TASK GOAL: Your reply should hold exactly the lines from the one that contains "(\<sigma>(a := b))" through the end of the data. Repeat them word for word.

Saved data entries:
——————

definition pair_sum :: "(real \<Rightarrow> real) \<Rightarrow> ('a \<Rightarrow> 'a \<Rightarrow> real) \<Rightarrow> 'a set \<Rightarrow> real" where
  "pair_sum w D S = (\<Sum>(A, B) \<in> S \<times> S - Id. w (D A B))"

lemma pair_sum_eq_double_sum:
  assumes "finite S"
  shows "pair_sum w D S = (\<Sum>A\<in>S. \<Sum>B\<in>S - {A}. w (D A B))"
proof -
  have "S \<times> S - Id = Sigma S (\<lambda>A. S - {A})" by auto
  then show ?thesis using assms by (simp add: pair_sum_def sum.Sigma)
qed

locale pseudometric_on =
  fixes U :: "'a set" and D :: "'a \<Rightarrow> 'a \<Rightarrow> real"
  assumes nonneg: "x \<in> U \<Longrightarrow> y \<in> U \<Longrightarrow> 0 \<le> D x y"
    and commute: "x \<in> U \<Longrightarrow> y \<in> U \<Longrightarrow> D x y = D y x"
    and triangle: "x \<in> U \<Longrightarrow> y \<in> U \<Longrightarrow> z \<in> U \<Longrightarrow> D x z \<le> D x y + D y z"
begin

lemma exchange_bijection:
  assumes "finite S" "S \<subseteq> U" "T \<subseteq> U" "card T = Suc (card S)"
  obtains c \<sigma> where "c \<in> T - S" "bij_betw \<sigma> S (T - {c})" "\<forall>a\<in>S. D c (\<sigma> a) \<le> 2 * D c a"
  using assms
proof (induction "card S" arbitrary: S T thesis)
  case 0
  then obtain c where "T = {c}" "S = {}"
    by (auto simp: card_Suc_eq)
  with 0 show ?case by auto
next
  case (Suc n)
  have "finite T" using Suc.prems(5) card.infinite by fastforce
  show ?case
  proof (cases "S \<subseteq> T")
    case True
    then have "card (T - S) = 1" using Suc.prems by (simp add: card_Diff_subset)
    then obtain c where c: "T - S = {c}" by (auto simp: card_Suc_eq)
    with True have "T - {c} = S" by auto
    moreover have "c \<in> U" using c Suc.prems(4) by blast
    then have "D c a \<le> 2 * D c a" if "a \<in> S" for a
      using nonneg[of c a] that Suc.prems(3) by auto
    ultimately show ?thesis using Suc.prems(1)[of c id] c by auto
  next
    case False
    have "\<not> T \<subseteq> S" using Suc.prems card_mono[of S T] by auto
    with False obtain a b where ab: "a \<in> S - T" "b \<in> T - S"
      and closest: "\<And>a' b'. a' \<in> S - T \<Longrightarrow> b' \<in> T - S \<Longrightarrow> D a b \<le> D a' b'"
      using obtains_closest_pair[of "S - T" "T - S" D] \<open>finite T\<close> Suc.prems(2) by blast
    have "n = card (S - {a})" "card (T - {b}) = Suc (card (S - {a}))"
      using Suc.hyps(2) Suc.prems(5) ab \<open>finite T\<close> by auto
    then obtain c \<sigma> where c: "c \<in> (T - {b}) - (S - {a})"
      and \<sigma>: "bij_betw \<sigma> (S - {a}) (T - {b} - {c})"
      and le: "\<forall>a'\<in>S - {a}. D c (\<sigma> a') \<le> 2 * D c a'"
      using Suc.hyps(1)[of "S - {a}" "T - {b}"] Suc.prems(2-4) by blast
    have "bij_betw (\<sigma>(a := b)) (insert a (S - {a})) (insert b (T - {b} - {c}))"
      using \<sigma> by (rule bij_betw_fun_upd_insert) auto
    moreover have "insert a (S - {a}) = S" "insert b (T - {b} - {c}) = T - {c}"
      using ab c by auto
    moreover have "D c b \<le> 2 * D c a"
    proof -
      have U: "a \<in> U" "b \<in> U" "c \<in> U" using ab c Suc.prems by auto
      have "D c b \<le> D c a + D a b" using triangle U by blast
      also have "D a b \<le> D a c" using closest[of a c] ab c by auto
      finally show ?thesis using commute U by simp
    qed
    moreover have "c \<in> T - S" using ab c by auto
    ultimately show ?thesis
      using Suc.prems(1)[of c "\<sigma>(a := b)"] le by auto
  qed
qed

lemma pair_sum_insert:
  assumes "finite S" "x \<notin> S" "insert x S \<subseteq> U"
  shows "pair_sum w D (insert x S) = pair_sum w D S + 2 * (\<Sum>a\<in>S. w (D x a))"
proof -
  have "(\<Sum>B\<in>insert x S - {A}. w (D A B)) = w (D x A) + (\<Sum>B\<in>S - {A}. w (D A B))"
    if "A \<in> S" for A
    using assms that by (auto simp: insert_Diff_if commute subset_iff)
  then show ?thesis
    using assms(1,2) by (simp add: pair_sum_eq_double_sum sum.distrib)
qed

——————

RESPONSE:
    have "bij_betw (\<sigma>(a := b)) (insert a (S - {a})) (insert b (T - {b} - {c}))"
      using \<sigma> by (rule bij_betw_fun_upd_insert) auto
    moreover have "insert a (S - {a}) = S" "insert b (T - {b} - {c}) = T - {c}"
      using ab c by auto
    moreover have "D c b \<le> 2 * D c a"
    proof -
      have U: "a \<in> U" "b \<in> U" "c \<in> U" using ab c Suc.prems by auto
      have "D c b \<le> D c a + D a b" using triangle U by blast
      also have "D a b \<le> D a c" using closest[of a c] ab c by auto
      finally show ?thesis using commute U by simp
    qed
    moreover have "c \<in> T - S" using ab c by auto
    ultimately show ?thesis
      using Suc.prems(1)[of c "\<sigma>(a := b)"] le by auto
  qed
qed

lemma pair_sum_insert:
  assumes "finite S" "x \<notin> S" "insert x S \<subseteq> U"
  shows "pair_sum w D (insert x S) = pair_sum w D S + 2 * (\<Sum>a\<in>S. w (D x a))"
proof -
  have "(\<Sum>B\<in>insert x S - {A}. w (D A B)) = w (D x A) + (\<Sum>B\<in>S - {A}. w (D A B))"
    if "A \<in> S" for A
    using assms that by (auto simp: insert_Diff_if commute subset_iff)
  then show ?thesis
    using assms(1,2) by (simp add: pair_sum_eq_double_sum sum.distrib)
qed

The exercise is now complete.